Saturday, November 13, 2010
Nearly Wordless Weekend: World War I Film
Thursday, November 11, 2010
Armistice Week IV: A Pitiful List of Movies
For a person who has two children who have studied film extensively in college, I’ve really seen remarkably few movies. I’m sure there were quite a few years where I may have only seen one or two. I’m trying to catch up via Netflix, but it’s a slow process when there are books to read and music to listen to as well.
My favorite World War I film so far is one I will blog about later on, in December, as it has a seasonal theme.
Lawrence of Arabia takes place during World War I and shows, at least from one point of view, how that conflict affected the Middle East in ways that continue to plague us today. I wish I had seen it on the big screen, but even on a television screen it is a stunning film.
I reviewed King of Hearts last year on my shamefully-dormant film blog, Queuing Up. It’s a rather ‘60s perspective on the war, but worth seeing.
My parents’ favorite movie was The African Queen, and it’s one of mine as well. I think perhaps my father saw himself as Humphrey Bogart and my mother as Katherine Hepburn. Set in German East Africa, the war at first takes a back seat to Bogart and Hepburn’s romance, but the scenes at the end where the African Queen engages a German warship are as tense and thrilling as any more traditional war movie.
I found several lists of World War I films, none of which seem to be definitive. So many books and films on World War I have come to my attention this week that I think I’ll take a couple of weeks and try to read and see as many as possible. I’ve already got Paul Gross’s film Passchendaele (I had to buy it as it wasn’t readily available otherwise) but haven’t yet watched it. A few others I’m planning to see, pending availability: A Farewell to Arms (I think I’ll go for Gary Cooper over Rock Hudson), All Quiet on the Western Front, Regeneration, Gallipoli, and All the King’s Men (not the Robert Penn Warren book, but a BBC production about the Sandringham Unit in WWI). I’m definitely going to read The Ghost Road and probably at least a couple more novels from the Guardian’s 1000 Novels list, as well as the John Keegan history when it arrives in the mail. Any suggestions for more?Wednesday, November 10, 2010
Armistice Week III: World War I Books
This week I’m blogging on Armistice Day and the Great War. Today, a few book suggestions for anyone who wants to read more about that war and its after-effects.
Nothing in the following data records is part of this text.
lemma kostlan_prestr:
  assumes f: "f \<in> measurable M (Hspace d n)" and "kostlan M d n f" and le: "n' \<le> n"
  shows "kostlan M d n' (\<lambda>w. prestr d n' (f w))"
proof -
  define N where "N m \<alpha> = density lborel (normal_density 0 (sqrt (kostlan_var d m \<alpha>)))" for m \<alpha>
  interpret product_prob_space "N n" UNIV
    unfolding N_def
    by (intro product_prob_space.intro product_sigma_finite.intro product_prob_space_axioms.intro
        prob_space_imp_sigma_finite prob_space_normal_density) (simp_all add: kostlan_var_pos)
  have "distr M (Hspace d n') (\<lambda>w. prestr d n' (f w)) =
      distr (distr M (Hspace d n) f) (Hspace d n') (prestr d n')"
    by (rule distr_prestr[OF f le])
  also have "\<dots> = distr (PiM (mexps d n) (N n)) (Hspace d n') (\<lambda>c. restrict c (mexps d n'))"
    using assms(2) unfolding kostlan_def N_def prestr_def[abs_def] by simp
  also have "\<dots> = distr (PiM (mexps d n) (N n)) (PiM (mexps d n') (N n)) (\<lambda>c. restrict c (mexps d n'))"
    by (rule distr_cong) (auto simp: Hspace_def N_def intro!: sets_PiM_cong)
  also have "\<dots> = PiM (mexps d n') (N n)"
    by (rule distr_restrict[symmetric, OF mexps_mono[OF le] finite_mexps])
  also have "\<dots> = PiM (mexps d n') (N n')"
    by (rule PiM_cong) (auto simp: N_def kostlan_var_prestr[OF le])
  finally show ?thesis
    unfolding kostlan_def N_def .
qed

theorem lemma4p7:
  fixes M :: "'w measure" and f :: "'w \<Rightarrow> (nat \<Rightarrow> nat) \<Rightarrow> real" and d n n' :: nat
  assumes "prob_space M"
    and "f \<in> measurable M (Hspace d n)"
    and "centered M d n f"
    and "Oinvariant M d n f"
    and "1 \<le> n'" and "n' \<le> n"
  shows "Oinvariant M d n' (\<lambda>w. prestr d n' (f w)) \<and>
     (\<forall>k\<in>{1..n}. \<forall>k'\<in>{1..n'}. pdelta M d n' k' (\<lambda>w. prestr d n' (f w)) = pdelta M d n k f) \<and>
     (kostlan M d n f \<longrightarrow> kostlan M d n' (\<lambda>w. prestr d n' (f w)))"
  using Oinvariant_prestr[OF assms(2,4,6)] pdelta_prestr[OF assms(2,4,6)]
    kostlan_prestr[OF assms(2) _ assms(6)]
  by blast

end
(* Consider the perturbed system $\dot x = f(x)+\psi(x)$, where $f,\psi:\mathbb R^n\to\mathbb R^n$ are continuous, $f(0)=0$, solutions exist and are unique, and there exists $L>0$ such that $\|\psi(x)\|\leq L\|x\|$ for all $x\in\mathbb R^n$. Suppose the origin of the nominal system $\dot x = f(x)$ is fixed-time stable, and that there exists a continuously differentiable, positive definite, radially unbounded function $V:\mathbb R^n\to\mathbb R$ such that, along trajectories of the nominal system, $\dot V(x)\leq -aV(x)^p - bV(x)^q$ for all $x\neq 0$, with $a,b>0$, $0<p<1$, $q>1$. Assume further that there exist $k_1,k_2>0$ such that $V(x)\geq k_1\|x\|^2$ and $\left\|\frac{\partial V}{\partial x}(x)\right\|\leq k_2\|x\|$ for all $x\in\mathbb R^n$. Then the origin of the perturbed system $\dot x = f(x)+\psi(x)$ is fixed-time stable.
   Context: $\|\cdot\|$ is the Euclidean norm. Fixed-time stability (FxTS) of the origin is understood as: there is a neighborhood $D$ of the origin (possibly all of $\mathbb R^n$) such that every trajectory starting in $D$ reaches the origin (and stays there) within a time $T$ bounded by a constant independent of the initial condition in $D$. *)

theory Defs
  imports "HOL-Analysis.Analysis"
begin

definition is_solution :: "(real^'n \<Rightarrow> real^'n) \<Rightarrow> real^'n \<Rightarrow> (real \<Rightarrow> real^'n) \<Rightarrow> bool" where
  "is_solution F x0 x \<longleftrightarrow> x 0 = x0 \<and>
     (\<forall>t\<ge>0. (x has_vector_derivative F (x t)) (at t within {0..}))"

definition exist_unique_solutions :: "(real^'n \<Rightarrow> real^'n) \<Rightarrow> bool" where
  "exist_unique_solutions F \<longleftrightarrow>
     (\<forall>x0. \<exists>x. is_solution F x0 x) \<and>
     (\<forall>x0 x y. is_solution F x0 x \<longrightarrow> is_solution F x0 y \<longrightarrow> (\<forall>t\<ge>0. x t = y t))"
To begin with, you must read Barbara Tuchman’s The Guns of August. In this far-from-dull history of the war’s beginnings, Tuchman paints a picture of Europe on the eve of war which includes not only the salient political facts, but the atmosphere of the times. I’ve read this book two or three times at least in the last 45 years, and may do so again, although I rarely re-read books.
For a straight-out history of the entire war, I’m departing from my usual practice and recommending a book I haven’t yet read, John Keegan’s The First World War. Having read other works of Keegan’s, notably The Face of Battle, I feel confident in recommending it, and have just ordered a copy for myself.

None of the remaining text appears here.